• _WORK INSTRUCTION_
Count the lines in the data below holding the string "allI" and write the total by itself.

• _RAW DATA_
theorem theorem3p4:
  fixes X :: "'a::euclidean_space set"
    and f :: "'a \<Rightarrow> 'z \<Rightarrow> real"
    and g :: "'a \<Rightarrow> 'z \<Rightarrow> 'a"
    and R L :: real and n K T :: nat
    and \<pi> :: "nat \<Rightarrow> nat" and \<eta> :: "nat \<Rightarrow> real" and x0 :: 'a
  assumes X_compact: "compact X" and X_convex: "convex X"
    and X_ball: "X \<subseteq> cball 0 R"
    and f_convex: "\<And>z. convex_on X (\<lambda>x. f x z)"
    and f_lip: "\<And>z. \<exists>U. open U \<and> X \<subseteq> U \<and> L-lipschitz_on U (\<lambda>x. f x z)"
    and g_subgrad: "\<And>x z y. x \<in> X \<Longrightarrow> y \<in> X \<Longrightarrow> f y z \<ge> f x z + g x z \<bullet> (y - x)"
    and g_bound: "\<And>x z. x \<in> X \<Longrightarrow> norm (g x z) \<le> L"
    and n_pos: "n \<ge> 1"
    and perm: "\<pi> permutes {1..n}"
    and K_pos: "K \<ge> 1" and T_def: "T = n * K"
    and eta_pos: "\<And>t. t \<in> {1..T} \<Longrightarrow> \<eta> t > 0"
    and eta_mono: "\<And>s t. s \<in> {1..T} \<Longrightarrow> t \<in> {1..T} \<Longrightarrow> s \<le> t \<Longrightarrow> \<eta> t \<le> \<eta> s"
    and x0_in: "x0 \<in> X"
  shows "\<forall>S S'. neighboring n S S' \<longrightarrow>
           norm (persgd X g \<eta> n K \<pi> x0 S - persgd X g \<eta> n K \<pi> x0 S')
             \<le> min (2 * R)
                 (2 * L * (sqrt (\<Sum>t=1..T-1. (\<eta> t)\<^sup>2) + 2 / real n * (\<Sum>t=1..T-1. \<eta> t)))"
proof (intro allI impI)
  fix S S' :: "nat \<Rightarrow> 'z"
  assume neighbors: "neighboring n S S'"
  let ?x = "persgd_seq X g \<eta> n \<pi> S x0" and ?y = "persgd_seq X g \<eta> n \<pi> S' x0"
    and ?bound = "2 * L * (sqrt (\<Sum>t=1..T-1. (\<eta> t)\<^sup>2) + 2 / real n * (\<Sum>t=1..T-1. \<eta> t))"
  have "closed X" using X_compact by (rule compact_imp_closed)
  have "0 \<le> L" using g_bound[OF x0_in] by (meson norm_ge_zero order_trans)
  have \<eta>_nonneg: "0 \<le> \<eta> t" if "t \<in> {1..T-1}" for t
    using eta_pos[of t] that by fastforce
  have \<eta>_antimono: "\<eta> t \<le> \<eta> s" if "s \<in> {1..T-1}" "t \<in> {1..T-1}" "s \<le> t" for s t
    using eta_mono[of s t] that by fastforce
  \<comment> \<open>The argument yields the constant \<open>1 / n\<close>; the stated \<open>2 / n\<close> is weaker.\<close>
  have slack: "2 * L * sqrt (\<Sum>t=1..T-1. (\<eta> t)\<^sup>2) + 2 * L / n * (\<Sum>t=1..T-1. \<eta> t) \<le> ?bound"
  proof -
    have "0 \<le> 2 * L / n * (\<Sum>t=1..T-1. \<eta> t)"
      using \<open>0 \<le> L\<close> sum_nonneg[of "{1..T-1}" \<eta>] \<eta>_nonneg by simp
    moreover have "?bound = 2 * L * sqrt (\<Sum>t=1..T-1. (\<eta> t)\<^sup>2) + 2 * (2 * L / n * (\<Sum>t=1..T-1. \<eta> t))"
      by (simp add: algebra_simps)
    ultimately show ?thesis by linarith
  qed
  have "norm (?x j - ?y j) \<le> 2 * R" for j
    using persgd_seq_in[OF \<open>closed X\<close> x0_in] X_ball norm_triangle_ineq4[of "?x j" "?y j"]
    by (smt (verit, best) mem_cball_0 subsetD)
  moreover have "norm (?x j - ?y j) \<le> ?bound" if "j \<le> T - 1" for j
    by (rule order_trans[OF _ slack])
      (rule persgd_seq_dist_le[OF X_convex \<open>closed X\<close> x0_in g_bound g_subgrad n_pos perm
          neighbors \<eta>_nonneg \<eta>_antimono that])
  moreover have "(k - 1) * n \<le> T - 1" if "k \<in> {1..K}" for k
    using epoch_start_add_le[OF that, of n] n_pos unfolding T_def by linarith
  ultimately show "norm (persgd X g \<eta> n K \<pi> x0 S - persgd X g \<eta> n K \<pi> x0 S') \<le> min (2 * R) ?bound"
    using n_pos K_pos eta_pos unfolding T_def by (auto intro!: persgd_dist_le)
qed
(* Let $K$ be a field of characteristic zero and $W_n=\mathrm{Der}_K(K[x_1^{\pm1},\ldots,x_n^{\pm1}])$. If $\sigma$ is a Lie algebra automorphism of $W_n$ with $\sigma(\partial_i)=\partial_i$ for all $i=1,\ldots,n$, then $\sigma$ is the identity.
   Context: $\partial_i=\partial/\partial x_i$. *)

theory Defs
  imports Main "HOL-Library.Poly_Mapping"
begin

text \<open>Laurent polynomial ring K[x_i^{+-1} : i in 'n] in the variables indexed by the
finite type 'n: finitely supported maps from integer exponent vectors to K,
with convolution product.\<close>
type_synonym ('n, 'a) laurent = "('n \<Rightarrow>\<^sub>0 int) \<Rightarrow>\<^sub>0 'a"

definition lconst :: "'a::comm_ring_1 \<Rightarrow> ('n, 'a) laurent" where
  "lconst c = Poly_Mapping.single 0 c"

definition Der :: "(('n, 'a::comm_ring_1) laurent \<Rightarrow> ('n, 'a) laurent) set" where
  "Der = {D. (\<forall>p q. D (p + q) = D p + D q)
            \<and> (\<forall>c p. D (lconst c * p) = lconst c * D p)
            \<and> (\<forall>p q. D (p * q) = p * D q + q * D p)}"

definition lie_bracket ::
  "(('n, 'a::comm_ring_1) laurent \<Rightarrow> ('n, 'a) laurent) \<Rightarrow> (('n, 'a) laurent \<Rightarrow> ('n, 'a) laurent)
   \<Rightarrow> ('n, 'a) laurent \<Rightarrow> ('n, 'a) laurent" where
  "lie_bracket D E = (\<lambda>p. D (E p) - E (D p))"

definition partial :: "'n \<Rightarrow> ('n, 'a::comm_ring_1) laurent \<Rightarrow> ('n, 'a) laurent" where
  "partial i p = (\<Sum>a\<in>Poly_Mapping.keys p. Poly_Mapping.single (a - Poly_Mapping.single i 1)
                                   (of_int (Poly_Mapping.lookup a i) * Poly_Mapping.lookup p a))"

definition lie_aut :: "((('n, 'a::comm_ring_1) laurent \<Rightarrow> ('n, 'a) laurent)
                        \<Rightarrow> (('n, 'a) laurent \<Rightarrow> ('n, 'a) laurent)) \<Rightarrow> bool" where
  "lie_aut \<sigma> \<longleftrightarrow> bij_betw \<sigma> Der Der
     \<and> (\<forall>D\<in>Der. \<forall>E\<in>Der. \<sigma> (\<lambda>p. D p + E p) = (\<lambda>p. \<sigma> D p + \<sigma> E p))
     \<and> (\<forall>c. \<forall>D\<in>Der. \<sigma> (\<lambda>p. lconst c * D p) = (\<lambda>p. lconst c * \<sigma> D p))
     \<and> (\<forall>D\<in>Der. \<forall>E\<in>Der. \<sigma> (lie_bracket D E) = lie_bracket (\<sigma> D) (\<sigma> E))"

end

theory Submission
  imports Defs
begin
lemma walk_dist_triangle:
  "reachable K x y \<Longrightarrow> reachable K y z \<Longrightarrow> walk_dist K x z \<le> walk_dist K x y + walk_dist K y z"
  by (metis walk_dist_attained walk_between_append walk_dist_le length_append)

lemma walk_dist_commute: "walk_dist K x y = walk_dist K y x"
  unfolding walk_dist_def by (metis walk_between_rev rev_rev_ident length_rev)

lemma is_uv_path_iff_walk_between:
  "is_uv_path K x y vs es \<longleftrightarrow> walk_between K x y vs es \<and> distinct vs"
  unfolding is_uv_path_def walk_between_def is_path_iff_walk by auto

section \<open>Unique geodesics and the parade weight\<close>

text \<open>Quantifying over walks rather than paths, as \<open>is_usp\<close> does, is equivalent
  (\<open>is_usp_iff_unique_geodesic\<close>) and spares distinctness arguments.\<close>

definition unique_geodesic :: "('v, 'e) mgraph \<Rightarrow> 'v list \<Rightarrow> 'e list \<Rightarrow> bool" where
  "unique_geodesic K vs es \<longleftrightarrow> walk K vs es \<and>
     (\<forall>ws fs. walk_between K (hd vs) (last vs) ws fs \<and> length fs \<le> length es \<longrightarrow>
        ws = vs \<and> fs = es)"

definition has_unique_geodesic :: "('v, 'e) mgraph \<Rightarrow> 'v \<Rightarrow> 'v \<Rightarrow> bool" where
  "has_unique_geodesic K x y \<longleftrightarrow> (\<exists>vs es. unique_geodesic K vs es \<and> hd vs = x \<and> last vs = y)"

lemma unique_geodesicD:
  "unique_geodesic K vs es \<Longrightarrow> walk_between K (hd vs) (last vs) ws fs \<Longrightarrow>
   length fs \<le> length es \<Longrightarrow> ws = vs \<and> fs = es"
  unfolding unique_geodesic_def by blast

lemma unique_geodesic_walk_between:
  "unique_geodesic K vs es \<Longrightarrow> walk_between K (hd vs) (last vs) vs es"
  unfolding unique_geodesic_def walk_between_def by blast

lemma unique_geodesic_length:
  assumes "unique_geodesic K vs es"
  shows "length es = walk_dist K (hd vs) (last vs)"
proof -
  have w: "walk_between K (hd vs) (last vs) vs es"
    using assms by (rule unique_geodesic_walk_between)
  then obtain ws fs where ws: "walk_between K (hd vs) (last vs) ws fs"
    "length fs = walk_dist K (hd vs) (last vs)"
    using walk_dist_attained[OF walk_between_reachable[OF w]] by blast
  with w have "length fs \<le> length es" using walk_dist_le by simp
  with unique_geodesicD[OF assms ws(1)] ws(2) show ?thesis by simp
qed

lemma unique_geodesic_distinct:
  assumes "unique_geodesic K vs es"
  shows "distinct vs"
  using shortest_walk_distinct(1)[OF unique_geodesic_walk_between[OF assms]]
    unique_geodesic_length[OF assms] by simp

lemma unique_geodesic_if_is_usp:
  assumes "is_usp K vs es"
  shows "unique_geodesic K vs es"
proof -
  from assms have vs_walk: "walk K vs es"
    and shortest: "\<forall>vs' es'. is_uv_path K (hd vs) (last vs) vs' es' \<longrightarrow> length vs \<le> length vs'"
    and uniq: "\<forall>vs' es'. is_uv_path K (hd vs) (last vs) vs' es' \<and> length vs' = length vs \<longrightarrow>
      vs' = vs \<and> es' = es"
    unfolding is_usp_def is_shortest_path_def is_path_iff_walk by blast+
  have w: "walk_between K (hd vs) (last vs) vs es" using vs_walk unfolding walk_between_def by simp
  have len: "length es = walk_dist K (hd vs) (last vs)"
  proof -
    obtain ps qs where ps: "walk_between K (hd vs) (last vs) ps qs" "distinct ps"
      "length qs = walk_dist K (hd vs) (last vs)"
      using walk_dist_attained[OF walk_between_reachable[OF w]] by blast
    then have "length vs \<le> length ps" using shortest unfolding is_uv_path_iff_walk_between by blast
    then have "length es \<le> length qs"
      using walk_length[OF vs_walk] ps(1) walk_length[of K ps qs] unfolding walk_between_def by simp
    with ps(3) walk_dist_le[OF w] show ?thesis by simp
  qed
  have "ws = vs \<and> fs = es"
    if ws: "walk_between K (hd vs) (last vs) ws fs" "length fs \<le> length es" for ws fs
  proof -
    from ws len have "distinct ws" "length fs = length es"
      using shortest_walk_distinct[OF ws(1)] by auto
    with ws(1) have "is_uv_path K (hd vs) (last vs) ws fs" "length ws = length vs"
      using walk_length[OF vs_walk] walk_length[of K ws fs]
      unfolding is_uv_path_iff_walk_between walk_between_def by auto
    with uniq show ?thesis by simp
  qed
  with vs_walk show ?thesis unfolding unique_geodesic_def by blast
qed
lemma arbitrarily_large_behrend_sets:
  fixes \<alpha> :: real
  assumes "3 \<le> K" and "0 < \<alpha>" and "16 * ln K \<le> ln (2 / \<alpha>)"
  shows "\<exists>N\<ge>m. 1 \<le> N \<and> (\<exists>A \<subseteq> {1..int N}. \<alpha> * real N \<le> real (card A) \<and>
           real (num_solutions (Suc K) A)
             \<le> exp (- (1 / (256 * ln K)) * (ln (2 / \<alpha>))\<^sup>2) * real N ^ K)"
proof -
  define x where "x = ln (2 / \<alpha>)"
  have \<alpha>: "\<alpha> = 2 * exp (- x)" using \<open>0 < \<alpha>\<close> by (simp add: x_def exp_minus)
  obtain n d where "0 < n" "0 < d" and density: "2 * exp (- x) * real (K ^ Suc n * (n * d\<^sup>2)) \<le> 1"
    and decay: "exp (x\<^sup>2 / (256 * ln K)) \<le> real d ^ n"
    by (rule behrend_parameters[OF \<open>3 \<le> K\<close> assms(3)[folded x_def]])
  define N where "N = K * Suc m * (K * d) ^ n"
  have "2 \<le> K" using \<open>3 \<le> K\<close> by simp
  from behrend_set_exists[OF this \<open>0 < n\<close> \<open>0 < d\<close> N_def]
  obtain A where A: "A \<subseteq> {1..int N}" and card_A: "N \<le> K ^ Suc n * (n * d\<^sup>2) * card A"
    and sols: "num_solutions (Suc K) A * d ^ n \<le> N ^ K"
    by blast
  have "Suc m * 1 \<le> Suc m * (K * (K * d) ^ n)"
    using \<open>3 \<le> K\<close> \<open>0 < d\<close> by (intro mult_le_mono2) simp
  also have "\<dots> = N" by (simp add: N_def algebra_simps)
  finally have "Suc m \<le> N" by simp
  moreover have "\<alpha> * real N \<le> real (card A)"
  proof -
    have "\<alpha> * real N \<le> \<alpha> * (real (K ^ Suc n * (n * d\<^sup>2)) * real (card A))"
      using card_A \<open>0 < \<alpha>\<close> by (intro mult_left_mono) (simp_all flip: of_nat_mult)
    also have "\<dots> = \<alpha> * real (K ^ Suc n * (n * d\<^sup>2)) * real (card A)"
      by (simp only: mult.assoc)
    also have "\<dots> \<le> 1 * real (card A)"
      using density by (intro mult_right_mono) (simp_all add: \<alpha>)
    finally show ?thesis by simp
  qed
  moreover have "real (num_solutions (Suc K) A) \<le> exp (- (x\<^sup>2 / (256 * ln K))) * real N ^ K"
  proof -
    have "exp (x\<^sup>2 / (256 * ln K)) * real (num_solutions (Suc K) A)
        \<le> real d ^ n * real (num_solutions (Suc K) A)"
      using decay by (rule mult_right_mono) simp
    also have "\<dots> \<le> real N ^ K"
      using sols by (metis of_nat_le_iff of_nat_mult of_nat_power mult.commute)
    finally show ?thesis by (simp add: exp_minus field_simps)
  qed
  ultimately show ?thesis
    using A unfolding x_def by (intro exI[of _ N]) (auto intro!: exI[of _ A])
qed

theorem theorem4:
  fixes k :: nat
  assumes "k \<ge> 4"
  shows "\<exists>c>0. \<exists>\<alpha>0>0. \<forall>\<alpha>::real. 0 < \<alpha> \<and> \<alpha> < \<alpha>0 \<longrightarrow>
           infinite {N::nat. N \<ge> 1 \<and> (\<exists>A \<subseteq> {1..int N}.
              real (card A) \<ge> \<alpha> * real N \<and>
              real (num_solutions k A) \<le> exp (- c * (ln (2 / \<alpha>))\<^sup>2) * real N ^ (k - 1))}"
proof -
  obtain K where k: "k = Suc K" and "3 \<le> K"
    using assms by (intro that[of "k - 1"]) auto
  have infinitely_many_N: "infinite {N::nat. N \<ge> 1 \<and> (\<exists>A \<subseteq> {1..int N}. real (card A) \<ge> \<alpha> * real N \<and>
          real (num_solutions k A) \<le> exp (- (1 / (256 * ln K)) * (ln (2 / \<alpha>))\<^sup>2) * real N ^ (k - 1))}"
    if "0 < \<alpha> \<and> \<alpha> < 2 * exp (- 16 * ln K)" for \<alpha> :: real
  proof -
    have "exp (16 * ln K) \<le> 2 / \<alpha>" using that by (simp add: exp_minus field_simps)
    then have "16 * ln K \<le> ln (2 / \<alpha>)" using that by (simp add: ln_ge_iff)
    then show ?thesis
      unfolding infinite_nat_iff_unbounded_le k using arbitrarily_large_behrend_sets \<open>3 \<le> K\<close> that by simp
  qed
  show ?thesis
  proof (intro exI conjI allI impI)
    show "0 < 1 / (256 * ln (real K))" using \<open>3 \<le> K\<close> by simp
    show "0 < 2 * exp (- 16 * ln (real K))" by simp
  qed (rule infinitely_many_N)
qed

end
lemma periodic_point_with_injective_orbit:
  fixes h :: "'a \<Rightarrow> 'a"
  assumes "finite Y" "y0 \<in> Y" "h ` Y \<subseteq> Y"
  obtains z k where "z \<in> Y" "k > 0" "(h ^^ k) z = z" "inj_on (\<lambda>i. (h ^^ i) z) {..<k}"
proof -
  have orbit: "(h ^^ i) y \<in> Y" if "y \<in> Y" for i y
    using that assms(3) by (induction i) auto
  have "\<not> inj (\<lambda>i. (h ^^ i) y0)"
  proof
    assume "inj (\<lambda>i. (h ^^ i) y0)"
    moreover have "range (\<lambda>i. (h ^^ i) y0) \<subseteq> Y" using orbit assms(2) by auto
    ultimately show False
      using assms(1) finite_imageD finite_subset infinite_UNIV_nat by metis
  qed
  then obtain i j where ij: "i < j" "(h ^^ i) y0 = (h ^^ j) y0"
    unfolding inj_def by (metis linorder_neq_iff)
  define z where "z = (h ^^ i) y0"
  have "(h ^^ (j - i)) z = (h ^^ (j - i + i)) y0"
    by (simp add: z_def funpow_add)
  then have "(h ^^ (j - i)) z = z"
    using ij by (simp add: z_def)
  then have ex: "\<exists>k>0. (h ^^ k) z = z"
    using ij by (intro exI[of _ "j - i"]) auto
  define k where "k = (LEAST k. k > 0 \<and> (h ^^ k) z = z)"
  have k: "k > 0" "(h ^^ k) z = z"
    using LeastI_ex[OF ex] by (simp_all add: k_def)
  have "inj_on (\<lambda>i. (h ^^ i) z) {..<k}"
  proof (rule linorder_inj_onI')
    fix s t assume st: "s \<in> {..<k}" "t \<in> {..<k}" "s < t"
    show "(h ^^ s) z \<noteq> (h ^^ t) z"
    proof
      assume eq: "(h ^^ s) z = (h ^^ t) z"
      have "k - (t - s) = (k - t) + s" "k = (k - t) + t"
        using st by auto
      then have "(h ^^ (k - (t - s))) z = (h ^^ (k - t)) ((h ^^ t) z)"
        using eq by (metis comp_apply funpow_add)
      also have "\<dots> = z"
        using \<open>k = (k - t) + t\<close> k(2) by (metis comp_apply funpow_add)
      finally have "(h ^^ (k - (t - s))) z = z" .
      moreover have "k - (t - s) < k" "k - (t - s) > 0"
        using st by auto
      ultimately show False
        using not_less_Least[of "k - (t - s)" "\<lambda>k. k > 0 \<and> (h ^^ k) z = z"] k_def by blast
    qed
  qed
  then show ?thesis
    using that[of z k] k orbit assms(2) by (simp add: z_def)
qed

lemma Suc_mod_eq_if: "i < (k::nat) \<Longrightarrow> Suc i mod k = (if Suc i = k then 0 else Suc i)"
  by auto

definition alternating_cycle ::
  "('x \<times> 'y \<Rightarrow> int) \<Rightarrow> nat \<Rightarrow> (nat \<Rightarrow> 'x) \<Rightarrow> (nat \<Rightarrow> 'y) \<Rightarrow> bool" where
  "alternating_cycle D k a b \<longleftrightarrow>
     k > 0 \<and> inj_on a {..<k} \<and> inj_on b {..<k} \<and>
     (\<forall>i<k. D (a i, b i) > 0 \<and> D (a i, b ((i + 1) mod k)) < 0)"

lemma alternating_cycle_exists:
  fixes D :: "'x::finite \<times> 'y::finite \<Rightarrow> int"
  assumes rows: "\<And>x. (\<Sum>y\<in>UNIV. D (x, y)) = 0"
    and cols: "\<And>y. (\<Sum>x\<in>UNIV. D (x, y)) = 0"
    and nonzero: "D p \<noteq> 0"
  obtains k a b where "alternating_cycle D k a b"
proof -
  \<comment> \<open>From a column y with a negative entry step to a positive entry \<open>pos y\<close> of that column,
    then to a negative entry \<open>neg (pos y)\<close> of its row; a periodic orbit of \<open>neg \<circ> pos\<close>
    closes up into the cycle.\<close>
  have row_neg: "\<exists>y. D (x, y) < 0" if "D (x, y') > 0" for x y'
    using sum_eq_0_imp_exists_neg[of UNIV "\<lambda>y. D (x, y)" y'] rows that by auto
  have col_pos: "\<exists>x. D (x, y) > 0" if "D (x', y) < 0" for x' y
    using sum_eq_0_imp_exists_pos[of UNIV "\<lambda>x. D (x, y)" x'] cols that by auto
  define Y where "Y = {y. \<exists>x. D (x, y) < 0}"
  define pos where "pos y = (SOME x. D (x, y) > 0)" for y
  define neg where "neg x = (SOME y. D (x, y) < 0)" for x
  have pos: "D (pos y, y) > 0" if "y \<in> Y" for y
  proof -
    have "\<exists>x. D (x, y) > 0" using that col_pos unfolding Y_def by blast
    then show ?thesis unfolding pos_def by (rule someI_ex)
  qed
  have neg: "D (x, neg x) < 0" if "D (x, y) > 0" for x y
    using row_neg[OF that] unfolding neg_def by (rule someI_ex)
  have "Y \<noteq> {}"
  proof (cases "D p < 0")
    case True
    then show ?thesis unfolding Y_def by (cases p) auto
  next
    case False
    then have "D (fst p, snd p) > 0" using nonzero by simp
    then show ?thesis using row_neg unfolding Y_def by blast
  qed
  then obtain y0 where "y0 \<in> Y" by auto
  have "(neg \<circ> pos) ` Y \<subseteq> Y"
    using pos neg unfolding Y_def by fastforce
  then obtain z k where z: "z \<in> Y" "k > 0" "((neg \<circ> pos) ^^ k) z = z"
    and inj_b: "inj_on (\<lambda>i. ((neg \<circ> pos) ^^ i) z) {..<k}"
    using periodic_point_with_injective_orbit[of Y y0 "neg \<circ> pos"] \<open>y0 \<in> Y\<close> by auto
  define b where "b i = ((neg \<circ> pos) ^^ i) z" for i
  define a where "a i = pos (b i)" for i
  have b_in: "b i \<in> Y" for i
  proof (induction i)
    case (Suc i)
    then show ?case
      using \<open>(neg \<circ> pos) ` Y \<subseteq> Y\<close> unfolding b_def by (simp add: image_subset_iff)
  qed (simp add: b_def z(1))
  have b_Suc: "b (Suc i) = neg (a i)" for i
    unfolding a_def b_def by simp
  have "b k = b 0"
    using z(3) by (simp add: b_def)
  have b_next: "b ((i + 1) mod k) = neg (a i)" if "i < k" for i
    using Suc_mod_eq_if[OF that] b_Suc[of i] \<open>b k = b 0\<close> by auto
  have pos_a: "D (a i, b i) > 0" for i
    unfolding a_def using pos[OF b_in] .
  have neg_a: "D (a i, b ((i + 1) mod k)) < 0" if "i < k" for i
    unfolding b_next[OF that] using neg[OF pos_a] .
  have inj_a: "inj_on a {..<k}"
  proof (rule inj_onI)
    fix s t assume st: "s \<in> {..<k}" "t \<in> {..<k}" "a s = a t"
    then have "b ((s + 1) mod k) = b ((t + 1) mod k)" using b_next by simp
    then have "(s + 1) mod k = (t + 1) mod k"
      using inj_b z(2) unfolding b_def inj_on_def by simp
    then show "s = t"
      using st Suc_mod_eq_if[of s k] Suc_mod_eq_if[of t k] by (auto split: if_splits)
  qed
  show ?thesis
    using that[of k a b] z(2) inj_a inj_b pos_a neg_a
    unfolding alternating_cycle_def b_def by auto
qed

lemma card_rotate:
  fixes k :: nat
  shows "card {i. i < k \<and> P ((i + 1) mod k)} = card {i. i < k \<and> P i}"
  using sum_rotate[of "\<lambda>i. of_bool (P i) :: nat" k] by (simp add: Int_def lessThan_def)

• _ANSWER TO THIS PROBLEM_
2